Los hombres a su alrededor se miraron y tragaron saliva. Vamosnó, dijo alguien, y todos se pusieron en movimiento, pálidos, callados, mirando sobre sus hombros cada pocos pasos. Se acostaron todos alrededor de la fogata, más grande que nunca esa noche, con los pies hacia el fuego y los rifles al alcance de la mano. Todos ellos.
Todos menos el sacerdote, que había prometido no dañar a las criaturas de Dios.
Los ojos les brillaban a la luz de la luna, las llamas danzaban en sus pupilas mientras, aprensivos, se miraban en silencio.
El cansancio les fue ganando y poco a poco se quedaron dormidos y cayeron todos en un sueño nervioso, intranquilo.
El aullido sonó tan cerca que despertaron con los brazos erizados, con la piel de gallina, como si sus brazos se hubiesen helado. El ruido metálico de los rifles al acerrojarse sonó muy alto en una noche que contenía el aliento.
Reunidos en una ronda involuntaria, hombro con hombro, las manos crispadas sobre las empuñaduras, buscando la protección del número, del grupo, del otro que está tan asustado como uno.
Sólo el sacerdote estaba delante, se había adelantado con la cruz en alto, conjurando con su fe la fuerza para vencer al miedo.
Pero el monstruo no creía.
Y se abalanzó sobre él surgido de la nada.
La cruz de madera quemó el rostro de la fiera que retrocedió, sorprendida, sacudió las enormes fauces y atacó de nuevo. Sus garras como puñales abrieron la garganta del desgraciado, y a dentelladas le desgarró el cuerpo.
Los hombres huyeron despavoridos y fue la vergüenza la que, cuando el sol estaba alto, les obligó a reunirse e ir en busca del caído.
No lo encontraron donde habían acampado y desde allí lo buscaron en círculo, alejándose cada vez más del fuego apagado, las armas en ristre y sin perder de vista al compañero. Cuando el sol comenzó a descender en el cielo sabían que la búsqueda era inútil, todo el día lo supieron pero con el ocaso lo aceptaron. Aceptaron que nada podrían recuperar más que restos deshechos de un cadáver.

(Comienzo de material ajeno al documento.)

lemma rank_mono: "V \<in> subspaces_of E \<Longrightarrow> W \<in> subspaces_of E \<Longrightarrow> V \<subseteq> W \<Longrightarrow> \<rho> V \<le> \<rho> W"
  using qmatroid by (simp add: qmatroid_def)

lemma rank_submodular:
  "V \<in> subspaces_of E \<Longrightarrow> W \<in> subspaces_of E \<Longrightarrow> \<rho> (ssum V W) + \<rho> (V \<inter> W) \<le> \<rho> V + \<rho> W"
  using qmatroid by (simp add: qmatroid_def)

lemma rank_zero: "\<rho> {0} = 0"
  using rank_le_dim[of "{0}"] subspace_E by (simp add: mem_subspaces_of vec.subspace_0)

lemma rank_ssum_le: "V \<in> subspaces_of E \<Longrightarrow> W \<in> subspaces_of E \<Longrightarrow> \<rho> (ssum V W) \<le> \<rho> V + \<rho> W"
  using rank_submodular by fastforce

lemma rank_ssum_null:
  assumes "V \<in> subspaces_of E" "L \<in> subspaces_of E" "\<rho> L = 0"
  shows "\<rho> (ssum V L) = \<rho> V"
  using rank_ssum_le[of V L] rank_mono[of V "ssum V L"] assms
  by (simp add: ssum_subspaces_of subspace_E subset_ssum_left)

lemma rank_le_rank_add_dim:
  assumes "V \<in> subspaces_of E" "U \<in> subspaces_of E" "V \<subseteq> U"
  shows "\<rho> U \<le> \<rho> V + (vec.dim U - vec.dim V)"
  using assms
proof (induction "vec.dim U - vec.dim V" arbitrary: V rule: less_induct)
  case less
  show ?case
  proof (cases "U = V")
    case False
    then obtain x where x: "x \<in> U" "x \<notin> V" using less.prems(3) by blast
    have sV: "vec.subspace V" and sU: "vec.subspace U" and xE: "x \<in> E"
      using less.prems x by (auto simp: mem_subspaces_of)
    let ?V' = "vec.span (insert x V)"
    have V'_eq: "?V' = ssum V (vec.span {x})" by (simp add: ssum_span_singleton sV)
    have V': "?V' \<in> subspaces_of E"
      unfolding V'_eq using less.prems(1) xE subspace_E
      by (simp add: ssum_subspaces_of span_singleton_subspaces_of)
    have V'U: "?V' \<subseteq> U" using x less.prems(3) sU by (simp add: vec.span_minimal)
    have dim_V': "vec.dim ?V' = vec.dim V + 1" by (rule dim_span_insert_notin[OF sV x(2)])
    moreover have "vec.dim ?V' \<le> vec.dim U" by (rule vec.dim_subset[OF V'U])
    moreover have "\<rho> U \<le> \<rho> ?V' + (vec.dim U - vec.dim ?V')"
      using dim_V' \<open>vec.dim ?V' \<le> vec.dim U\<close> V' less.prems(2) V'U by (intro less.hyps) auto
    moreover have "\<rho> ?V' \<le> \<rho> V + 1"
      using rank_ssum_le[OF less.prems(1) span_singleton_subspaces_of[OF subspace_E xE]]
        rank_le_dim[OF span_singleton_subspaces_of[OF subspace_E xE]] dim_span_singleton_le[of x]
      unfolding V'_eq by linarith
    ultimately show ?thesis by linarith
  qed simp
qed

Mas no encontraron tal, sino al joven sacerdote, pálido como huesos en luna creciente, sentado desnudo con los brazos sobre las rodillas, la mirada perdida. Vivo. Por obra de Dios, creyeron.
El joven levantó apenas la cabeza cuando sintió los pasos que se acercaban, mas no los miró, sin embargo.

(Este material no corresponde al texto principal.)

lemma exists_le_expectation:
  fixes Q :: "'c::finite pmf" and F :: "'c \<Rightarrow> real"
  shows "\<exists>c\<in>set_pmf Q. F c \<le> measure_pmf.expectation Q F"
proof -
  obtain c where c: "c \<in> set_pmf Q" and c_min: "\<And>c'. c' \<in> set_pmf Q \<Longrightarrow> F c \<le> F c'"
    using Min_in[of "F ` set_pmf Q"] Min_le[of "F ` set_pmf Q"] set_pmf_not_empty[of Q] by fastforce
  have "measure_pmf.expectation Q (\<lambda>_. F c) \<le> measure_pmf.expectation Q F"
    by (rule integral_mono_AE) (auto simp: AE_measure_pmf_iff c_min integrable_measure_pmf_finite)
  then show ?thesis using c by auto
qed

lemma expected_running_min_le:
  fixes Q :: "'c::finite pmf"
  shows "expected_running_min f Q a k \<le> a"
proof (induction k arbitrary: a)
  case 0 then show ?case by simp
next
  case (Suc k)
  have "expected_running_min f Q a (Suc k) \<le> measure_pmf.expectation Q (\<lambda>_. a)"
    unfolding expected_running_min.simps
    by (rule integral_mono) (auto intro: order_trans[OF Suc.IH] simp: integrable_measure_pmf_finite)
  then show ?case by simp
qed

lemma expected_running_min_le_threshold:
  fixes Q :: "'c::finite pmf"
  assumes "s \<ge> 0"
  shows "expected_running_min f Q a k \<le> s + (1 - measure_pmf.prob Q {c. f c \<le> s}) ^ k * a"
proof (induction k arbitrary: a)
  case 0 then show ?case using assms by simp
next
  case (Suc k)
  define q where "q = measure_pmf.prob Q {c. f c \<le> s}"
  have "expected_running_min f Q a (Suc k)
      \<le> measure_pmf.expectation Q (\<lambda>c. s + (1 - q) ^ k * a * indicator (- {c. f c \<le> s}) c)"
    unfolding expected_running_min.simps
  proof (rule integral_mono)
    fix c
    show "expected_running_min f Q (min a (f c)) k \<le> s + (1 - q) ^ k * a * indicator (- {c. f c \<le> s}) c"
    proof (cases "f c \<le> s")
      case True
      then show ?thesis using expected_running_min_le[of f Q "min a (f c)" k] by simp
    next
      case False
      have "(1 - q) ^ k * min a (f c) \<le> (1 - q) ^ k * a"
        by (rule mult_left_mono) (auto simp: q_def)
      then show ?thesis using Suc.IH[of "min a (f c)"] False unfolding q_def by simp
    qed
  qed (simp_all add: integrable_measure_pmf_finite)
  also have "\<dots> = s + (1 - q) ^ k * a * measure_pmf.prob Q (UNIV - {c. f c \<le> s})"
    by (simp add: integrable_measure_pmf_finite Compl_eq_Diff_UNIV)
  also have "\<dots> = s + (1 - q) ^ k * a * (1 - q)"
    using measure_pmf.prob_compl[of "{c. f c \<le> s}" Q] by (simp add: q_def)
  finally show ?case unfolding q_def by (simp add: algebra_simps)
qed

A su hermano, el mayor de ellos, le flaquearon los pasos cuando se acercó y vio, sin poder acreditar en sus ojos, que no había marca de un ataque del ataque que había lacerado el músculo y desgarrado la carne.

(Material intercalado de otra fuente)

lemma h_minus_hinf_eq_divdiff_powi:
  assumes "distinct xs" "0 \<notin> set xs"
  shows "h k xs - hinf k xs = divdiff_powi (set xs) (k + int (length xs) - 1)"
  using assms
proof (induction xs arbitrary: k)
  case Nil
  then show ?case by (simp add: h_minus_hinf_Nil divdiff_powi_def)
next
  case (Cons x xs)
  let ?S = "set (x # xs)" and ?n = "length xs"
  define d where "d k = divdiff_powi ?S (k + int ?n) - (h k (x # xs) - hinf k (x # xs))" for k
  have x: "x \<noteq> 0" and S: "?S - {x} = set xs" "card ?S = Suc ?n"
    using Cons.prems by (auto simp: distinct_card)
  have recurrence: "d k = x * d (k - 1)" for k
  proof -
    have "divdiff_powi ?S (k + int ?n) - x * divdiff_powi ?S (k - 1 + int ?n)
        = divdiff_powi (set xs) (k - 1 + int ?n)"
      using divdiff_powi_remove[of ?S x "k - 1 + int ?n"] Cons.prems S(1) by simp
    then show ?thesis
      using Cons.IH[of k] Cons.prems h_Cons[of k x xs] hinf_Cons[of k x xs]
      unfolding d_def by (simp add: algebra_simps)
  qed
  have "d 0 = 0"
    using divdiff_powi_of_nat_le[of ?S ?n ?n] S(2) Cons.prems
    by (simp add: d_def h_0 hinf_eq_0_if_gt)
  then have "d k = 0"
    using eq_powi_mult_if_recurrence[of x d k, OF x recurrence] by simp
  then show ?case
    unfolding d_def by simp
qed

lemma H_eq_h_minus_hinf:
  assumes "distinct xs" "0 \<notin> set xs" "xs \<noteq> []"
  shows "H k xs = h k xs - hinf k xs"
  using H_eq_divdiff_powi[OF assms] h_minus_hinf_eq_divdiff_powi[OF assms(1,2)] by simp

Abrazó incrédulo al pequeño, agradeciendo a la providencia el haberlo encontrado con vida.
Pero los demás vieron cómo su cuerpo se ponía tenso y que al ponerse de pie las lágrimas corrían silenciosas por sus mejillas.
Tomó el puñal que llevaba en el cinto, besó la frente del que, inmóvil, no había reaccionado al abrazo fraterno y ante el espanto de todos, clavó el acero en su garganta.
Se afanó en el tajo y no se detuvo hasta que la cabeza del sacerdote se separó del cuerpo.